While running my spark jobs on google-cloud-dataproc, I notice that only the master node is being utilized and the CPU utilization of all the worker nodes is nearly zero percent (0.8 percent or so). I have used both the GUI as well as the console to run the code.

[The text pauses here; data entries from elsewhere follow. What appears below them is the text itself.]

definition coord_swap :: "nat \<Rightarrow> nat \<Rightarrow> nat" where
  "coord_swap n j = (if j = 1 then n+1 else if j = n+1 then 1 else j)"

text \<open>Since \<open>herm n Z u = (\<Sum>j. Z j * cnj (u (coord_swap n j)))\<close>, this is the matrix of
  \<open>Z \<mapsto> Z + \<alpha> \<langle>Z,u\<rangle> u\<close>.\<close>

definition reflection_mat :: "nat \<Rightarrow> (nat \<Rightarrow> complex) \<Rightarrow> complex \<Rightarrow> (nat \<Rightarrow> nat \<Rightarrow> complex)" where
  "reflection_mat n u \<alpha> = (\<lambda>k j. (if k = j then 1 else 0) + \<alpha> * u k * cnj (u (coord_swap n j)))"

lemma herm_eq_sum_coord_swap:
  fixes n :: nat
  assumes "n \<ge> 1"
  shows "(\<Sum>j\<in>{1..n+1}. cnj (u (coord_swap n j)) * Z j) = herm n Z u"
proof -
  have split: "(\<Sum>j\<in>{1..n+1}. f j) = f 1 + (\<Sum>j\<in>{2..n}. f j) + f (n+1)" for f :: "nat \<Rightarrow> complex"
    using assms by (simp add: sum.cl_ivl_Suc sum.atLeast_Suc_atMost numeral_2_eq_2)
  have "(\<Sum>j\<in>{2..n}. cnj (u (coord_swap n j)) * Z j) = (\<Sum>j\<in>{2..n}. Z j * cnj (u j))"
    by (intro sum.cong) (auto simp: coord_swap_def)
  then show ?thesis using assms unfolding split herm_def
    by (simp add: coord_swap_def algebra_simps)
qed

lemma mat_vec_reflection_mat:
  assumes "n \<ge> 1"
  shows "vec_eq n (mat_vec n (reflection_mat n u \<alpha>) Z) (\<lambda>k. Z k + \<alpha> * herm n Z u * u k)"
  unfolding vec_eq_def
proof
  fix k assume k: "k \<in> {1..n+1}"
  have "mat_vec n (reflection_mat n u \<alpha>) Z k = (\<Sum>j\<in>{1..n+1}. (if k = j then 1 else 0) * Z j)
      + \<alpha> * u k * (\<Sum>j\<in>{1..n+1}. cnj (u (coord_swap n j)) * Z j)"
    unfolding mat_vec_def reflection_mat_def
    by (simp add: sum.distrib distrib_right sum_distrib_left algebra_simps)
  then show "mat_vec n (reflection_mat n u \<alpha>) Z k = Z k + \<alpha> * herm n Z u * u k"
    unfolding sum_delta_mult[OF k] herm_eq_sum_coord_swap[OF assms] by simp
qed

lemma in_U_reflection_mat:
  assumes n1: "n \<ge> 1" and \<alpha>: "\<alpha> + cnj \<alpha> + \<alpha> * cnj \<alpha> * herm n u u = 0"
  shows "in_U n (reflection_mat n u \<alpha>)"
  unfolding in_U_def
proof (intro allI)
  fix Z W
  define a where "a = \<alpha> * herm n Z u"
  define b where "b = \<alpha> * herm n W u"
  have "herm n (mat_vec n (reflection_mat n u \<alpha>) Z) (mat_vec n (reflection_mat n u \<alpha>) W)
      = herm n (\<lambda>k. Z k + a * u k) (\<lambda>k. W k + b * u k)"
    unfolding a_def b_def by (intro herm_cong mat_vec_reflection_mat n1)
  also have "\<dots> = herm n Z W + cnj b * herm n Z u + a * herm n u W + a * cnj b * herm n u u"
    by (simp add: herm_add_left herm_add_right herm_scale_left herm_scale_right algebra_simps)
  also have "\<dots> = herm n Z W + herm n Z u * cnj (herm n W u) * (\<alpha> + cnj \<alpha> + \<alpha> * cnj \<alpha> * herm n u u)"
    unfolding a_def b_def using herm_commute[of n u W] by (simp add: algebra_simps)
  also have "\<dots> = herm n Z W" using \<alpha> by simp
  finally show "herm n (mat_vec n (reflection_mat n u \<alpha>) Z) (mat_vec n (reflection_mat n u \<alpha>) W)
      = herm n Z W" .
qed
lemma closed_nbhd_mono: "S \<subseteq> S' \<Longrightarrow> closed_nbhd V E S \<subseteq> closed_nbhd V E S'"
  unfolding closed_nbhd_def by blast

lemma closed_nbhd_Diff_singleton:
  assumes "A \<subseteq> closed_nbhd V E S" "A \<subseteq> V"
    and closed: "\<And>w. {u, w} \<in> E \<Longrightarrow> w \<in> S"
    and "u \<in> A \<Longrightarrow> \<exists>s \<in> S - {u}. {u, s} \<in> E"
  shows "A \<subseteq> closed_nbhd V E (S - {u})"
proof
  fix z assume z: "z \<in> A"
  show "z \<in> closed_nbhd V E (S - {u})"
  proof (cases "z = u")
    case True
    with assms(2,4) z show ?thesis by (auto simp: closed_nbhd_def)
  next
    case False
    from z assms(1) have "z \<in> S \<or> (\<exists>s \<in> S. {z, s} \<in> E)" by (auto simp: closed_nbhd_def)
    with False closed assms(2) z show ?thesis
      by (auto simp: closed_nbhd_def insert_commute)
  qed
qed

lemma le_add_diff_of_unit_increments:
  fixes g :: "nat \<Rightarrow> nat"
  assumes "\<And>k. i \<le> k \<Longrightarrow> k < j \<Longrightarrow> g (Suc k) \<le> g k + 1" "i \<le> j"
  shows "g j \<le> g i + (j - i)"
  using assms(2,1)
proof (induction j rule: dec_induct)
  case (step j)
  then have "g (Suc j) \<le> g j + 1" "g j \<le> g i + (j - i)" by simp_all
  with step(1) show ?case by linarith
qed simp

lemma le_add_diff_of_unit_decrements:
  fixes g :: "nat \<Rightarrow> nat"
  assumes "\<And>k. i \<le> k \<Longrightarrow> k < j \<Longrightarrow> g k \<le> g (Suc k) + 1" "i \<le> j"
  shows "g i \<le> g j + (j - i)"
  using assms(2,1)
proof (induction i rule: inc_induct)
  case (step i)
  then have "g i \<le> g (Suc i) + 1" "g (Suc i) \<le> g j + (j - Suc i)" by simp_all
  with step(2) show ?case by linarith
qed simp

lemma unit_step_parity_profile:
  fixes g :: "nat \<Rightarrow> nat"
  assumes up: "\<And>k. k < n \<Longrightarrow> g (Suc k) \<le> g k + 1"
    and down: "\<And>k. k < n \<Longrightarrow> g k \<le> g (Suc k) + 1"
    and parity: "\<And>k. k \<le> n \<Longrightarrow> even (g k + k)"
    and minimal: "\<And>k. k \<le> n \<Longrightarrow> m \<le> g k"
    and "a \<le> b" "b \<le> n" "g b = m"
    and left: "g 0 = m + a"
    and right: "g n = m + n - b"
    and middle: "\<And>i. 2 * i \<le> b - a \<Longrightarrow> g (a + 2 * i) = m"
    and "k \<le> n"
  shows "g k = (if k \<le> a then m + a - k else if b \<le> k then m + k - b
                else if even (k - a) then m else m + 1)"
proof -
  have increase: "g j \<le> g i + (j - i)" if "i \<le> j" "j \<le> n" for i j
    using that up by (intro le_add_diff_of_unit_increments) auto
  have decrease: "g i \<le> g j + (j - i)" if "i \<le> j" "j \<le> n" for i j
    using that down by (intro le_add_diff_of_unit_decrements) auto
  have g_a: "g a = m"
    using middle[of 0] by simp
  consider "k \<le> a" | "\<not> k \<le> a" "b \<le> k" | "a < k" "k < b" "even (k - a)" | "a < k" "k < b" "odd (k - a)"
    by linarith
  then show ?thesis
  proof cases
    case 1
    with decrease[of k a] decrease[of 0 k] assms(5,6) \<open>k \<le> n\<close> g_a left
    show ?thesis by simp
  next
    case 2
    with increase[of b k] increase[of k n] assms(6,7) \<open>k \<le> n\<close> right
    show ?thesis by simp
  next
    case 3
    define i where "i = (k - a) div 2"
    with 3 have "k = a + 2 * i" by simp
    with 3 middle[of i] show ?thesis by simp
  next
    case 4
    define i where "i = (k - a) div 2"
    with 4 have i: "k = Suc (a + 2 * i)"
      using odd_two_times_div_two_succ[of "k - a"] by simp
    with 4 have "g (a + 2 * i) = m" by (intro middle) simp
    with up[of "a + 2 * i"] i \<open>k \<le> n\<close> have "g k \<le> m + 1" by simp
    moreover have "g k \<noteq> m"
      using parity[of k] parity[of a] g_a i assms(5,6) \<open>k \<le> n\<close> by auto
    ultimately show ?thesis
      using minimal[OF \<open>k \<le> n\<close>] 4 by simp
  qed
qed

lemma k_feasible_Suc_imp_k_feasible:
  assumes "k_feasible v (Suc k) S"
  obtains S' where "k_feasible v k S'" "card S' \<le> card S + 1"
proof -
  obtain X where S: "S \<subseteq> tverts v"
    and dom: "tverts v - tts v \<subseteq> closed_nbhd (tverts v) (tedges v) S"
    and X: "X \<subseteq> S \<inter> tts v" "card X = Suc k"
    and pm: "has_perfect_matching_on (tedges v) (S - X)"
    using assms unfolding k_feasible_def by blast
  obtain u where u: "u \<in> X"
    using card_eq_SucD[OF X(2)] by blast
  have card_X': "card (X - {u}) = k"
    using X u by simp
  show thesis
  proof (cases "\<exists>w. {u, w} \<in> tedges v \<and> w \<notin> S")
    case True
    then obtain w where w: "{u, w} \<in> tedges v" "w \<notin> S" by blast
    have "insert w S - (X - {u}) = insert u (insert w (S - X))"
      using u X(1) w(2) by auto
    moreover have "has_perfect_matching_on (tedges v) (insert u (insert w (S - X)))"
      using pm w u by (intro has_perfect_matching_on_insert_edge) auto
    moreover have "closed_nbhd (tverts v) (tedges v) S \<subseteq> closed_nbhd (tverts v) (tedges v) (insert w S)"
      by (rule closed_nbhd_mono) blast
    ultimately have "k_feasible v k (insert w S)"
      unfolding k_feasible_def using S dom X card_X' tedges_subset_tverts[OF w(1)]
      by (intro conjI exI[of _ "X - {u}"]) auto
    with that show thesis
      using finite_subset[OF S finite_tverts] by (simp add: card_insert_if)
  next
    case False
    then have "tverts v - tts v \<subseteq> closed_nbhd (tverts v) (tedges v) (S - {u})"
      using dom u X(1) by (intro closed_nbhd_Diff_singleton) auto
    moreover have "S - {u} - (X - {u}) = S - X"
      using u by blast
    ultimately have "k_feasible v k (S - {u})"
      unfolding k_feasible_def using S X card_X' pm
      by (intro conjI exI[of _ "X - {u}"]) auto
    with that show thesis
      by (meson card_Diff1_le le_add1 order_trans)
  qed
qed
(* Let $G$ be a cubic graph with a 3-decomposition, let $u$ be a vertex of $G$ with neighbours $v_1,v_2,v_3$, and let $P$ be a copy, on new vertices, of the Petersen graph with one vertex removed; let $p_1,p_2,p_3$ be the three vertices of degree 2 in $P$. Let $H$ be obtained from $G$ by deleting $u$, adding $P$, and adding the edges $p_1v_1,p_2v_2,p_3v_3$. Then $H$ has a 3-decomposition.
   Context: All graphs are finite and simple; cubic means 3-regular. A 3-decomposition of a graph is a partition of its edge set into the edge sets of a spanning tree, a (possibly empty) 2-regular subgraph, and a (possibly empty) matching. *)

theory Defs
  imports Main
begin

definition graph :: "'a set \<Rightarrow> 'a set set \<Rightarrow> bool" where
  "graph V E \<longleftrightarrow> finite V \<and> (\<forall>e\<in>E. \<exists>x y. x \<in> V \<and> y \<in> V \<and> x \<noteq> y \<and> e = {x, y})"

definition degree :: "'a set set \<Rightarrow> 'a \<Rightarrow> nat" where
  "degree E v = card {e \<in> E. v \<in> e}"

definition cubic :: "'a set \<Rightarrow> 'a set set \<Rightarrow> bool" where
  "cubic V E \<longleftrightarrow> graph V E \<and> (\<forall>v\<in>V. degree E v = 3)"

definition connected_on :: "'a set \<Rightarrow> 'a set set \<Rightarrow> bool" where
  "connected_on V T \<longleftrightarrow> (\<forall>x\<in>V. \<forall>y\<in>V. (\<lambda>a b. {a, b} \<in> T)\<^sup>*\<^sup>* x y)"

definition is_cycle :: "'a set set \<Rightarrow> 'a list \<Rightarrow> bool" where
  "is_cycle E xs \<longleftrightarrow> length xs \<ge> 3 \<and> distinct xs \<and>
     (\<forall>i < length xs. {xs ! i, xs ! ((i + 1) mod length xs)} \<in> E)"

definition acyclic_edges :: "'a set set \<Rightarrow> bool" where
  "acyclic_edges E \<longleftrightarrow> \<not> (\<exists>xs. is_cycle E xs)"

definition spanning_tree :: "'a set \<Rightarrow> 'a set set \<Rightarrow> 'a set set \<Rightarrow> bool" where
  "spanning_tree V E T \<longleftrightarrow> T \<subseteq> E \<and> connected_on V T \<and> acyclic_edges T"

text \<open>(Possibly empty) 2-regular subgraph, given by its edge set; its vertices are those covered.\<close>
definition two_regular_sub :: "'a set set \<Rightarrow> 'a set set \<Rightarrow> bool" where
  "two_regular_sub E C \<longleftrightarrow> C \<subseteq> E \<and> (\<forall>v \<in> \<Union>C. degree C v = 2)"

definition matching :: "'a set set \<Rightarrow> 'a set set \<Rightarrow> bool" where
  "matching E M \<longleftrightarrow> M \<subseteq> E \<and> (\<forall>e\<in>M. \<forall>f\<in>M. e \<noteq> f \<longrightarrow> e \<inter> f = {})"

definition three_decomposition :: "'a set \<Rightarrow> 'a set set \<Rightarrow> bool" where
  "three_decomposition V E \<longleftrightarrow> (\<exists>T C M. spanning_tree V E T \<and> two_regular_sub E C \<and> matching E M \<and>
      T \<union> C \<union> M = E \<and> T \<inter> C = {} \<and> T \<inter> M = {} \<and> C \<inter> M = {})"

text \<open>Petersen graph on 0..9: outer 5-cycle, spokes, inner pentagram.\<close>
definition petersen_edges :: "nat set set" where
  "petersen_edges = {{i, (i + 1) mod 5} | i. i < 5} \<union> {{i, i + 5} | i. i < 5}
                    \<union> {{i + 5, (i + 2) mod 5 + 5} | i. i < 5}"

definition P_verts :: "nat set" where "P_verts = {1..9}"
definition P_edges :: "nat set set" where "P_edges = {e \<in> petersen_edges. 0 \<notin> e}"

definition H_verts :: "'a set \<Rightarrow> 'a \<Rightarrow> ('a + nat) set" where
  "H_verts V u = Inl ` (V - {u}) \<union> Inr ` P_verts"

Do you know any specific reason that could be causing this and how to make the full utilization of the worker nodes?
I submit the jobs in the following manner:
gcloud dataproc jobs submit spark --properties spark.executor.cores=10 --cluster cluster-663c --class ComputeMST --jars gs://kslc/ComputeMST.jar --files gs://kslc/SIFT_full.txt -- SIFT_full.txt gs://kslc/SIFT_fu ll.txt 5.0 12
while(true){
level_counter++;
if(level_counter > (number_of_levels - 1)) break;
System.out.println("LEVEL = " + level_counter);
JavaPairRDD<ArrayList<Integer>, epsNet> distributed_msts_logn1 = distributed_msts_logn.mapToPair(new next_level());
JavaPairRDD<ArrayList<Integer>, epsNet> distributed_msts_next_level = distributed_msts_logn1.reduceByKey(new union_eps_nets());
den = den/2;
distributed_msts_logn = distributed_msts_next_level.mapValues(new unit_step_logn(den, level_counter));
}
JavaRDD<epsNet> epsNetsRDDlogn = distributed_msts_logn.values();
List<epsNet> epsNetslogn = epsNetsRDDlogn.collect();
Above is the code, I am trying to run.